The US Department of Energy’s (DOE’s) Office of Environmental Management (EM) on 2 June issued the Final Request for Proposal (RFP) for the Waste Isolation Pilot Plant (WIPP) Management and Operating (M&O) Acquisition. WIPP, in southern New Mexico, is the only US deep-geologic repository to isolate defence-related TRU mixed waste from the environment, approximately 2,150 feet underground. In 2017, WIPP began accepting shipments following a nearly three-year closure that resulted from a radiation release in one of the underground disposal rooms.
The new WIPP M&O contract will be a Cost-Plus-Award-Fee (CPAF) M&O contract with Indefinite Delivery/ Indefinite Quantity (ID/IQ) Contract Line Item Number (CLIN). The contract will include a four-year base period and six one-year option periods. The total estimated contract value is $3 billion over the 10-year period of performance, including all option periods. The Final RFP will be conducted as a full and open competition. Work to be performed under the contract will include the centralised characterisation project, transportation activities, WIPP operations, projects (capital asset projects and non-capital asset projects), experimental and testing activities, and WIPP programme support. Proposals are due by 19 July.

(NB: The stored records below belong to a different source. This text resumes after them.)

lemma approx_full_glue:
  assumes af: "approx_full X G" and F: "piecewise_bij X G F (topspace X) (topspace X)"
    and P\<^sub>0: "(P\<^sub>0, g\<^sub>0) \<in> F" "P\<^sub>0 \<noteq> {}"
  obtains k where "k \<in> G" "\<forall>(P, g)\<in>F. g \<noteq> g\<^sub>0 \<longrightarrow> (\<forall>x\<in>P. k x = g x)"
proof -
  define \<Lambda> where "\<Lambda> = {g. \<exists>P. (P, g) \<in> F \<and> P \<noteq> {}}"
  define D where "D = (\<lambda>g. \<Union>{P. (P, g) \<in> F})"
  have "g\<^sub>0 \<in> \<Lambda>"
    using P\<^sub>0 by (auto simp: \<Lambda>_def)
  moreover have "\<Lambda> \<subseteq> G" "finite \<Lambda>" "clopen_partition X \<Lambda> D (topspace X)"
      "set_partition \<Lambda> (\<lambda>g. g ` D g) (topspace X)"
    unfolding \<Lambda>_def D_def by (rule piecewise_bij_merge_pieces[OF F])+
  moreover have "\<Lambda> \<subseteq> G \<and> finite \<Lambda> \<and> clopen_partition X \<Lambda> D (topspace X) \<and>
      set_partition \<Lambda> (\<lambda>g. g ` D g) (topspace X) \<and> g\<^sub>0 \<in> \<Lambda> \<longrightarrow>
      (\<exists>k\<in>G. \<forall>g\<in>\<Lambda> - {g\<^sub>0}. \<forall>x\<in>D g. k x = g x)"
    using af unfolding approx_full_def by blast
  ultimately obtain k where k: "k \<in> G" "\<forall>g\<in>\<Lambda> - {g\<^sub>0}. \<forall>x\<in>D g. k x = g x"
    by blast
  have "\<forall>(P, g)\<in>F. g \<noteq> g\<^sub>0 \<longrightarrow> (\<forall>x\<in>P. k x = g x)"
  proof (clarify)
    fix P g x
    assume "(P, g) \<in> F" "g \<noteq> g\<^sub>0" "x \<in> P"
    then have "g \<in> \<Lambda> - {g\<^sub>0}" "x \<in> D g"
      by (auto simp: \<Lambda>_def D_def)
    then show "k x = g x"
      using k(2) by blast
  qed
  with k(1) show thesis
    by (rule that)
qed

Nuclear Waste Partnership (NWP), a joint venture between Amentum and BWX Technologies, currently manages the WIPP as well as DOE’s National Transuranic Waste programme under a $296 million contract extension awarded in October 2020. NWP began work at WIPP in 2012 and its contract will expire in September 2021, with an extension carrying the contract through September 2022. Vice President of Marketing and Communications at Amentum, Keith Wood, said the company will not be bidding on the next contract.
The repository has been in operation for more than two decades, during which time it has received some 12,900 shipments of waste for deposition in underground vaults mined out of a salt formation.